On our family calendar during any given year, June is typically the month with the most entries. It’s a month with once-blank squares for each day crammed full of important date reminders notated in various colors of markers, ball point pens, pencils and highlighters and featuring cartoon-like stars, hearts, underlines, arrows, exclamation points and big, chunky, 3D lettering to mark the importance of a looming milestone birthday, for example, like someone turning 50. Or 55. Or … never mind. Let’s just say that the local Hallmark shop rolls out the red carpet for us in June.
One recent week in particular this month was crammed full with more milestone birthdays, anniversaries, weddings and miscellaneous events and celebrations than you can shake a Sharpie at. This one stretch alone, from June 10 through the 17, marked my father-in-law’s birthday, a niece’s birthday, our youngest son’s birthday and even my own birthday. If you’re playing along at home, Father’s Day also squeezed its celebratory little self into the end of this party-palooza of a week.
Following close by on the heels of this multi-celebration week was the milestone tenth anniversary of our oldest son and his beautiful bride. It’s humbling how the years seem to speed up the longer one has been married (my wife and I celebrated our own 27 year anniversary a mere two months ago), but in “only” ten years, these two exemplary young people have worked hard to build a healthy, happy and loving family and in the process, have given my wife and me our first three grandchildren; quite the accomplishment in a culture increasingly accepting of non-committed couples and babies raised without fathers in their lives.
Speaking of fathers, as this edition of the paper hits the street, yet another anniversary of sorts will have passed; although this one is not so worthy of celebration. You see, this week marks ten years since my own Dad passed away after a long, all-too-private battle with cancer.

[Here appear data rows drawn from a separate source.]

lemma divide_power_smallo:
  fixes c c' :: "'a::real_normed_field"
  assumes "k < m" "c' \<noteq> 0"
  shows "(\<lambda>z. c / z ^ m) \<in> o[at_infinity](\<lambda>z. c' / z ^ k)"
proof (rule smalloI_tendsto)
  have "\<forall>\<^sub>F z in at_infinity. (c / c') / z ^ (m - k) = (c / z ^ m) / (c' / z ^ k)"
    using eventually_not_equal_at_infinity[of 0]
  proof eventually_elim
    case (elim z)
    have "z ^ m = z ^ (m - k) * z ^ k"
      using assms(1) by (simp flip: power_add)
    with elim assms(2) show ?case
      by (simp add: field_simps)
  qed
  moreover have "((\<lambda>z. (c / c') / z ^ (m - k)) \<longlongrightarrow> 0) at_infinity"
    using assms(1) by (intro tendsto_divide_power_0) simp
  ultimately show "((\<lambda>z. (c / z ^ m) / (c' / z ^ k)) \<longlongrightarrow> 0) at_infinity"
    by (rule Lim_transform_eventually[rotated])
  show "\<forall>\<^sub>F z in at_infinity. c' / z ^ k \<noteq> 0"
    using eventually_not_equal_at_infinity[of 0] by eventually_elim (use assms in simp)
qed

lemma divide_power_bigo:
  fixes c :: "'a::real_normed_field"
  assumes "k \<le> m"
  shows "(\<lambda>z. c / z ^ m) \<in> O[at_infinity](\<lambda>z. 1 / z ^ k)"
proof (rule bigoI)
  have "\<forall>\<^sub>F z in at_infinity. norm (z :: 'a) \<ge> 1"
    by (auto simp: eventually_at_infinity)
  then show "\<forall>\<^sub>F z in at_infinity. norm (c / z ^ m) \<le> norm c * norm (1 / z ^ k)"
  proof eventually_elim
    case (elim z)
    then have "norm z ^ k \<le> norm z ^ m" "norm z ^ k > 0"
      using assms by (simp_all add: power_increasing order.strict_trans2[OF zero_less_one])
    then have "norm c / norm z ^ m \<le> norm c / norm z ^ k"
      by (intro divide_left_mono) auto
    then show ?case
      by (simp add: norm_divide norm_power)
  qed
qed

lemma asymp_equiv_filter_mono: "F \<le> G \<Longrightarrow> f \<sim>[G] g \<Longrightarrow> f \<sim>[F] g"
  unfolding asymp_equiv_def by (rule tendsto_mono)

lemma at_inf_within_le_at_infinity: "at_inf_within X \<le> at_infinity"
  by (simp add: at_inf_within_def)

lemma at_inf_within_nontrivial:
  assumes "\<not> bounded X"
  shows "at_inf_within X \<noteq> bot"
proof
  assume "at_inf_within X = bot"
  then obtain r where "\<And>x. norm x \<ge> r \<Longrightarrow> x \<in> X \<Longrightarrow> False"
    unfolding at_inf_within_def eventually_inf_principal eventually_at_infinity trivial_limit_def
    by blast
  then have "X \<subseteq> cball 0 r"
    by (force simp: dist_norm)
  with assms show False
    using bounded_cball bounded_subset by blast
qed

lemma poly_cf_den_asymp_equiv: "poly (cf_den a b n) \<sim>[at_infinity] (\<lambda>z. z ^ n)"
  using poly_asymp_equiv_at_infinity[OF cf_den_nonzero[of a b n]] by simp

lemma rf_eval_quot_of_fract:
  "rf_eval v z = poly (fst (quot_of_fract v)) z / poly (snd (quot_of_fract v)) z"
  by (simp add: rf_eval_def case_prod_unfold)

lemma degree_snd_quot_of_fract_le: "degree (snd (quot_of_fract v)) \<le> rf_degree v"
  by (simp add: rf_degree_def case_prod_unfold)

lemma inverse_power_smallo_rf_eval_diff:
  assumes "v \<noteq> v'" "rf_degree v + rf_degree v' < k"
  shows "(\<lambda>z. 1 / z ^ k) \<in> o[at_infinity](\<lambda>z. rf_eval v z - rf_eval v' z)"
proof -
  obtain p q where v: "quot_of_fract v = (p, q)"
    by (cases "quot_of_fract v")
  obtain p' q' where v': "quot_of_fract v' = (p', q')"
    by (cases "quot_of_fract v'")
  have "q \<noteq> 0" "q' \<noteq> 0"
    using snd_quot_of_fract_nonzero[of v] snd_quot_of_fract_nonzero[of v'] by (simp_all add: v v')
  define R where "R = p * q' - p' * q"
  define S where "S = q * q'"
  have "R \<noteq> 0"
  proof
    assume "R = 0"
    then have "Fract p q = Fract p' q'"
      using \<open>q \<noteq> 0\<close> \<open>q' \<noteq> 0\<close> by (simp add: R_def eq_fract)
    then show False
      using assms(1) Fract_quot_of_fract[of v] Fract_quot_of_fract[of v'] by (simp add: v v')
  qed
  have "degree S \<le> degree q + degree q'"
    unfolding S_def by (rule degree_mult_le)
  also have "\<dots> < k"
    using assms(2) degree_snd_quot_of_fract_le[of v] degree_snd_quot_of_fract_le[of v']
    by (simp add: v v')
  finally have "(\<lambda>z. 1 / z ^ k) \<in> o[at_infinity](\<lambda>z. poly R z / poly S z)"
    using \<open>R \<noteq> 0\<close> \<open>q \<noteq> 0\<close> \<open>q' \<noteq> 0\<close>
    by (intro inverse_power_smallo_poly_quotient) (simp_all add: S_def)
  moreover have "\<forall>\<^sub>F z in at_infinity. rf_eval v z - rf_eval v' z = poly R z / poly S z"
    using eventually_poly_nonzero_at_infinity[OF \<open>q \<noteq> 0\<close>]
      eventually_poly_nonzero_at_infinity[OF \<open>q' \<noteq> 0\<close>]
    by eventually_elim (simp add: rf_eval_quot_of_fract v v' R_def S_def diff_frac_eq)
  ultimately show ?thesis
    by (simp add: landau_o.small.cong)
qed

That he lost his hard-fought fight only days after our oldest son was married has traditionally made this week a bittersweet one filled with mixed emotions for the past ten years.
I’ll always remember walking into the family room of my childhood home where Dad lay in a rented hospital bed, positioned in front of his beloved TV. Either his pain was too great or the morphine dose too heavy – or maybe a combination of both – but Dad didn’t respond in any way as I described our son’s wedding to him. Truth be told (and knowing him as well as I did), Dad most likely considered not having to attend a family wedding to be a welcome side effect of his condition.
To say that this tough, taciturn man was not one for sentimentality or emotional vulnerability would be a grand understatement. (It’s no wonder he never could understand me.) A few months before he died, in fact, I drove with him on a marathon, non-stop trip from La Crescenta up to my brother’s house in northern Oregon to help deliver a truck and trailer crammed full of tools and machinery Dad wanted my brother to inherit. On the mind-numbing drive up the coast and back, I tried several times to ask Dad about his childhood, early career, any particular cherished memories he might have at this stage of life – you know, the kind of thing you might expect a parent would want to pass along. No such luck. After my third or fourth attempt at such conversation he barked, “Why would I want to talk about such things? You’ve been watching too much Oprah.” And that was that. Man, it was a long, long drive home.
On a happier note, however, our family calendar pages next year will be even more jam-packed as we add not one, but two college graduations to our early summer celebrations. Yep, we’re definitely gonna need a bigger calendar. I’ll see you ‘round town.